Supplied material:

+ + + +

definition component_vertices :: "(real \<times> real) set \<Rightarrow> real \<times> real \<Rightarrow> (real \<times> real) set" where
  "component_vertices P p = {q. (underlying_adj P)\<^sup>*\<^sup>* p q}"

end

theory Submission
  imports Defs
begin

text \<open>Order P by the height cos t * x + sin t * y and give each point the weight 2, 1 or 0
  according as it lies in the lower half of P, belongs to a tied pair straddling the median,
  or lies in the upper half. As t varies, weights change only where a pair of points swaps
  places at the median, i.e. spans a halving line; if C is closed under halving lines, both
  points belong to C and merely exchange their weights. So the weight sum over C does not
  depend on t, and since rotating by pi turns every weight w into 2 - w, it equals card C. In
  a direction in which a and b are tied, the weights of C are read off from the sides of the
  line ab, and comparing their sum with card C shows that ab halves C iff it halves P. Finally
  card C, the weight sum in direction 0, is even unless a median pair of weight 1 each lies in
  C, and then that pair halves C.\<close>

definition height :: "real \<Rightarrow> real \<times> real \<Rightarrow> real" where
  "height t x = cos t * fst x + sin t * snd x"

lemma orient_height_tie:
  assumes "height t x = height t y"
  shows "orient x y c = ((fst y - fst x) * sin t - (snd y - snd x) * cos t) * (height t c - height t x)"
proof -
  have "sin t ^ 2 + cos t ^ 2 = 1" by simp
  moreover from assms have "cos t * (fst y - fst x) + sin t * (snd y - snd x) = 0"
    unfolding height_def by algebra
  ultimately show ?thesis unfolding orient_def height_def by algebra
qed
definition orth_compl :: "('k::field \<Rightarrow> 'k) \<Rightarrow> ('k^'n) set \<Rightarrow> ('k^'n) set" where
  "orth_compl cj S = {x. \<forall>y\<in>S. sinner cj y x = 0}"

definition is_orth_proj :: "('k::field \<Rightarrow> 'k) \<Rightarrow> ('k^'n) set \<Rightarrow> ('k^'n \<Rightarrow> 'k^'n) \<Rightarrow> bool" where
  "is_orth_proj cj U P \<longleftrightarrow> (\<forall>x. P x \<in> U \<and> (\<forall>u\<in>U. sinner cj (x - P x) u = 0))"

definition is_frame :: "(nat \<Rightarrow> 'k::field^'n) \<Rightarrow> nat \<Rightarrow> ('k^'n) set \<Rightarrow> bool" where
  "is_frame f k V \<longleftrightarrow> vec.span (f ` {1..k}) = V"

definition robust_to :: "(nat \<Rightarrow> 'k::field^'n) \<Rightarrow> nat \<Rightarrow> ('k^'n) set \<Rightarrow> nat \<Rightarrow> bool" where
  "robust_to f k V r \<longleftrightarrow> (\<forall>I. I \<subseteq> {1..k} \<and> card I = r \<longrightarrow> vec.span (f ` ({1..k} - I)) = V)"

text \<open>Maximum robustness: largest r (necessarily r \<le> k, as an erasure set has at most k
  elements) such that the frame is robust to r erasures.\<close>
definition rob :: "(nat \<Rightarrow> 'k::field^'n) \<Rightarrow> nat \<Rightarrow> ('k^'n) set \<Rightarrow> nat" where
  "rob f k V = Max {r. r \<le> k \<and> robust_to f k V r}"
lemma CR_least:
  "X \<noteq> {} \<Longrightarrow> (\<And>y. y \<in> X \<Longrightarrow> nrm_setdist nrm y Z \<le> c) \<Longrightarrow> CR nrm X Z \<le> c"
  unfolding CR_eq_SUP_nrm_setdist by (intro cSUP_least)

lemma CR_nonneg:
  fixes nrm :: "'a::euclidean_space \<Rightarrow> real"
  assumes "is_norm nrm" "bounded X" "X \<noteq> {}" "finite Z" "Z \<noteq> {}"
  shows "0 \<le> CR nrm X Z"
proof -
  obtain y where "y \<in> X" using assms(3) by blast
  then show ?thesis
    using nrm_setdist_nonneg[OF assms(1,4,5)] nrm_setdist_le_CR[OF assms(1,2,4,5)] by (meson order_trans)
qed

lemma CR_antimono:
  fixes nrm :: "'a::euclidean_space \<Rightarrow> real"
  assumes "is_norm nrm" "bounded X" "X \<noteq> {}" "finite W" "Z \<subseteq> W" "Z \<noteq> {}"
  shows "CR nrm X W \<le> CR nrm X Z"
proof (rule CR_least[OF assms(3)])
  have "finite Z" using assms(4,5) finite_subset by blast
  fix y assume "y \<in> X"
  then show "nrm_setdist nrm y W \<le> CR nrm X Z"
    using nrm_setdist_antimono[OF assms(4-6)] nrm_setdist_le_CR[OF assms(1,2) \<open>finite Z\<close> assms(6)]
    by (meson order_trans)
qed

lemma CR_le_CR_add:
  fixes nrm :: "'a::euclidean_space \<Rightarrow> real"
  assumes "is_norm nrm" "bounded X" "X \<noteq> {}" "finite Z" "Z \<noteq> {}" "finite W" "W \<noteq> {}"
    and "\<And>z. z \<in> Z \<Longrightarrow> nrm_setdist nrm z W \<le> c"
  shows "CR nrm X W \<le> CR nrm X Z + c"
proof (rule CR_least[OF assms(3)])
  fix y assume y: "y \<in> X"
  obtain z where z: "z \<in> Z" "nrm_setdist nrm y Z = nrm (y - z)"
    using nrm_setdist_attained[OF assms(4,5)] by blast
  obtain w where w: "w \<in> W" "nrm_setdist nrm z W = nrm (z - w)"
    using nrm_setdist_attained[OF assms(6,7)] by blast
  have "nrm_setdist nrm y W \<le> nrm (y - w)" by (rule nrm_setdist_le[OF assms(6) w(1)])
  also have "\<dots> \<le> nrm (y - z) + nrm (z - w)" by (rule is_norm_triangle_diff[OF assms(1)])
  also have "\<dots> \<le> CR nrm X Z + c"
    using z w assms(8)[OF z(1)] nrm_setdist_le_CR[OF assms(1,2,4,5) y] by linarith
  finally show "nrm_setdist nrm y W \<le> CR nrm X Z + c" .
qed

text \<open>Pigeonhole: two points of A share a nearest point of B; go through it.\<close>
lemma exists_close_pair:
  fixes nrm :: "'a::euclidean_space \<Rightarrow> real"
  assumes "is_norm nrm" "bounded X" "finite B" "B \<noteq> {}" "finite A" "card B < card A" "A \<subseteq> X"
  obtains a a' where "a \<in> A" "a' \<in> A" "a \<noteq> a'" "nrm (a - a') \<le> 2 * CR nrm X B"
proof -
  have "\<forall>a. \<exists>z. z \<in> B \<and> nrm_setdist nrm a B = nrm (a - z)"
    using nrm_setdist_attained[OF assms(3,4)] by metis
  then obtain f where f: "\<And>a. f a \<in> B \<and> nrm_setdist nrm a B = nrm (a - f a)" by metis
  have "card (f ` A) \<le> card B" using f by (intro card_mono[OF assms(3)]) auto
  then have "\<not> inj_on f A" using assms(6) card_image by fastforce
  then obtain a a' where aa: "a \<in> A" "a' \<in> A" "a \<noteq> a'" "f a = f a'"
    unfolding inj_on_def by blast
  have "a \<in> X" "a' \<in> X" using aa(1,2) assms(7) by auto
  have "nrm (a - a') \<le> nrm (a - f a) + nrm (f a - a')" by (rule is_norm_triangle_diff[OF assms(1)])
  also have "nrm (f a - a') = nrm (a' - f a')"
    using aa(4) is_norm_minus_commute[OF assms(1)] by metis
  also have "nrm (a - f a) + nrm (a' - f a') \<le> 2 * CR nrm X B"
    using f[of a] f[of a'] nrm_setdist_le_CR[OF assms(1-4) \<open>a \<in> X\<close>]
      nrm_setdist_le_CR[OF assms(1-4) \<open>a' \<in> X\<close>] by linarith
  finally show ?thesis using aa that by blast
qed

lemma finite_distance_set:
  "finite Z \<Longrightarrow> finite {nrm (a - b) | a b. a \<in> Z \<and> b \<in> Z \<and> a \<noteq> b}"
  by (rule finite_subset[of _ "(\<lambda>(a, b). nrm (a - b)) ` (Z \<times> Z)"]) auto

lemma SR_geI:
  assumes "finite Z" "a \<in> Z" "b \<in> Z" "a \<noteq> b"
    and "\<And>a b. a \<in> Z \<Longrightarrow> b \<in> Z \<Longrightarrow> a \<noteq> b \<Longrightarrow> d \<le> nrm (a - b)"
  shows "d / 2 \<le> SR nrm Z"
proof -
  have "{nrm (a - b) | a b. a \<in> Z \<and> b \<in> Z \<and> a \<noteq> b} \<noteq> {}" using assms(2-4) by blast
  then have "d \<le> Min {nrm (a - b) | a b. a \<in> Z \<and> b \<in> Z \<and> a \<noteq> b}"
    using finite_distance_set[OF assms(1), of nrm] assms(5) by (auto simp: Min_ge_iff)
  then show ?thesis unfolding SR_def by simp
qed

lemma SR_le_half_nrm:
  assumes "finite Z" "a \<in> Z" "b \<in> Z" "a \<noteq> b"
  shows "SR nrm Z \<le> nrm (a - b) / 2"
proof -
  have "Min {nrm (a - b) | a b. a \<in> Z \<and> b \<in> Z \<and> a \<noteq> b} \<le> nrm (a - b)"
    using finite_distance_set[OF assms(1), of nrm] assms(2-4) by (intro Min_le) blast+
  then show ?thesis unfolding SR_def by simp
qed

lemma SR_le_CR:
  fixes nrm :: "'a::euclidean_space \<Rightarrow> real"
  assumes "is_norm nrm" "bounded X" "finite B" "B \<noteq> {}"
    and "Z \<subseteq> X" "finite Z" "card B < card Z"
  shows "SR nrm Z \<le> CR nrm X B"
proof -
  obtain a a' where "a \<in> Z" "a' \<in> Z" "a \<noteq> a'" "nrm (a - a') \<le> 2 * CR nrm X B"
    using exists_close_pair[OF assms(1-4,6,7,5)] .
  with SR_le_half_nrm[OF assms(6), of a a' nrm] show ?thesis by linarith
qed

lemma SRstar_le_CR:
  fixes nrm :: "'a::euclidean_space \<Rightarrow> real"
  assumes "is_norm nrm" "bounded X" "finite B" "B \<noteq> {}" "card B < n"
    and "Z \<subseteq> X" "finite Z" "card Z = n"
  shows "SRstar nrm X n \<le> CR nrm X B"
  unfolding SRstar_def using assms SR_le_CR[OF assms(1-4)] by (intro cSup_least) auto

lemma SR_le_SRstar:
  fixes nrm :: "'a::euclidean_space \<Rightarrow> real" and B :: "'a set"
  assumes "is_norm nrm" "bounded X" "finite B" "B \<noteq> {}" "card B < n"
    and "Z \<subseteq> X" "finite Z" "card Z = n"
  shows "SR nrm Z \<le> SRstar nrm X n"
  unfolding SRstar_def using assms SR_le_CR[OF assms(1-4)]
  by (intro cSup_upper bdd_aboveI[of _ "CR nrm X B"]) auto

lemma CRstar_ge_half_separation:
  fixes nrm :: "'a::euclidean_space \<Rightarrow> real"
  assumes "is_norm nrm" "bounded X" "A \<subseteq> X" "finite A" "1 \<le> n" "n < card A"
    and "\<And>a b. a \<in> A \<Longrightarrow> b \<in> A \<Longrightarrow> a \<noteq> b \<Longrightarrow> d \<le> nrm (a - b)"
  shows "d / 2 \<le> CRstar nrm X n"
  unfolding CRstar_def
proof (rule cInf_greatest)
  obtain Z where "Z \<subseteq> A" "card Z = n" "finite Z"
    using obtain_subset_with_card_n[of n A] assms(6) by auto
  then show "{CR nrm X Z |Z. Z \<subseteq> X \<and> finite Z \<and> card Z = n} \<noteq> {}"
    using assms(3) by blast
next
  fix t assume "t \<in> {CR nrm X Z |Z. Z \<subseteq> X \<and> finite Z \<and> card Z = n}"
  then obtain Z where Z: "t = CR nrm X Z" "finite Z" "card Z = n" by blast
  then have "Z \<noteq> {}" using assms(5) by auto
  obtain a a' where "a \<in> A" "a' \<in> A" "a \<noteq> a'" "nrm (a - a') \<le> 2 * CR nrm X Z"
    using exists_close_pair[OF assms(1,2) Z(2) \<open>Z \<noteq> {}\<close> assms(4) _ assms(3)] Z(3) assms(6)
    by blast
  with assms(7) Z(1) show "d / 2 \<le> t" by fastforce
qed

locale greedy_packing =
  fixes nrm :: "'a::euclidean_space \<Rightarrow> real" and X XN :: "'a set" and x :: "nat \<Rightarrow> 'a"
  assumes norm: "is_norm nrm" and bounded_X: "bounded X"
    and finite_XN: "finite XN" and XN_subset: "XN \<subseteq> X" and x1_in: "x 1 \<in> XN"
    and greedy: "\<And>m. m \<ge> 1 \<Longrightarrow> x (m + 1) \<in> XN \<and>
        (\<forall>y\<in>XN. (MIN i\<in>{1..m}. nrm (y - x i)) \<le> (MIN i\<in>{1..m}. nrm (x (m + 1) - x i)))"
begin

definition pts :: "nat \<Rightarrow> 'a set" where
  "pts m = x ` {1..m}"

text \<open>By greediness, gap m is also the covering radius of XN by pts m.\<close>
definition gap :: "nat \<Rightarrow> real" where
  "gap m = nrm_setdist nrm (x (m + 1)) (pts m)"

definition alpha :: "nat \<Rightarrow> real" where
  "alpha m = 1 - CR nrm X XN / CR nrm X (pts m)"

lemma X_nonempty: "X \<noteq> {}"
  using x1_in XN_subset by auto

lemma XN_nonempty: "XN \<noteq> {}"
  using x1_in by auto

lemma x_in_XN: "1 \<le> m \<Longrightarrow> x m \<in> XN"
  using x1_in greedy[of "m - 1"] by (cases "m = 1") auto

lemma finite_pts [simp]: "finite (pts m)"
  unfolding pts_def by simp

lemma pts_nonempty: "1 \<le> m \<Longrightarrow> pts m \<noteq> {}"
  unfolding pts_def by auto

lemma pts_subset_XN: "pts m \<subseteq> XN"
  unfolding pts_def using x_in_XN by auto

lemma pts_subset_X: "pts m \<subseteq> X"
  using pts_subset_XN XN_subset by blast

lemma pts_mono: "m \<le> k \<Longrightarrow> pts m \<subseteq> pts k"
  unfolding pts_def by auto

lemma card_pts_le: "card (pts m) \<le> m"
  unfolding pts_def using card_image_le[of "{1..m}" x] by simp

lemma nrm_setdist_le_gap: "1 \<le> m \<Longrightarrow> y \<in> XN \<Longrightarrow> nrm_setdist nrm y (pts m) \<le> gap m"
  using greedy[of m] unfolding gap_def nrm_setdist_def pts_def by (simp add: image_image)

lemma gap_pos: "1 \<le> m \<Longrightarrow> m < card XN \<Longrightarrow> 0 < gap m"
proof -
  assume m: "1 \<le> m" "m < card XN"
  then have "\<not> XN \<subseteq> pts m" using card_mono[of "pts m" XN] card_pts_le[of m] by fastforce
  then obtain y where y: "y \<in> XN" "y \<notin> pts m" by blast
  obtain z where z: "z \<in> pts m" "nrm_setdist nrm y (pts m) = nrm (y - z)"
    using nrm_setdist_attained[OF finite_pts pts_nonempty[OF m(1)]] by blast
  have "0 < nrm (y - z)" using y z is_norm_pos[OF norm, of "y - z"] by auto
  then show ?thesis using z nrm_setdist_le_gap[OF m(1) y(1)] by linarith
qed

lemma gap_Suc_le: "1 \<le> m \<Longrightarrow> gap (Suc m) \<le> gap m"
proof -
  assume m: "1 \<le> m"
  have "gap (Suc m) \<le> nrm_setdist nrm (x (Suc m + 1)) (pts m)"
    unfolding gap_def by (rule nrm_setdist_antimono[OF finite_pts pts_mono pts_nonempty[OF m]]) simp
  also have "\<dots> \<le> gap m" by (rule nrm_setdist_le_gap[OF m x_in_XN]) simp
  finally show ?thesis .
qed

lemma gap_antimono:
  assumes "1 \<le> m" "m \<le> k"
  shows "gap k \<le> gap m"
  using assms(2)
proof (induction k rule: dec_induct)
  case base
  show ?case by simp
next
  case (step k)
  then show ?case using gap_Suc_le[of k] assms(1) by simp
qed

lemma gap_le_nrm_less:
  assumes "1 \<le> i" "i < j" "j \<le> k + 1" "1 \<le> k"
  shows "gap k \<le> nrm (x j - x i)"
proof -
  have "gap k \<le> gap (j - 1)" using assms by (intro gap_antimono) auto
  also have "\<dots> = nrm_setdist nrm (x j) (x ` {1..j - 1})"
    using assms unfolding gap_def pts_def by simp
  also have "\<dots> \<le> nrm (x j - x i)" using assms by (intro nrm_setdist_le) auto
  finally show ?thesis .
qed

lemma gap_le_nrm_index:
  assumes "1 \<le> k" "i \<in> {1..k + 1}" "j \<in> {1..k + 1}" "i \<noteq> j"
  shows "gap k \<le> nrm (x i - x j)"
proof (cases "i < j")
  case True
  then show ?thesis
    using gap_le_nrm_less[of i j k] assms is_norm_minus_commute[OF norm, of "x i" "x j"] by auto
next
  case False
  then show ?thesis using gap_le_nrm_less[of j i k] assms by auto
qed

+ + + +

About this exercise: The lines to retype run from the start of the entries through the line containing "according as it"; reproduce them exactly and add nothing.

Result for this task:
definition component_vertices :: "(real \<times> real) set \<Rightarrow> real \<times> real \<Rightarrow> (real \<times> real) set" where
  "component_vertices P p = {q. (underlying_adj P)\<^sup>*\<^sup>* p q}"

end

theory Submission
  imports Defs
begin

text \<open>Order P by the height cos t * x + sin t * y and give each point the weight 2, 1 or 0
  according as it lies in the lower half of P, belongs to a tied pair straddling the median,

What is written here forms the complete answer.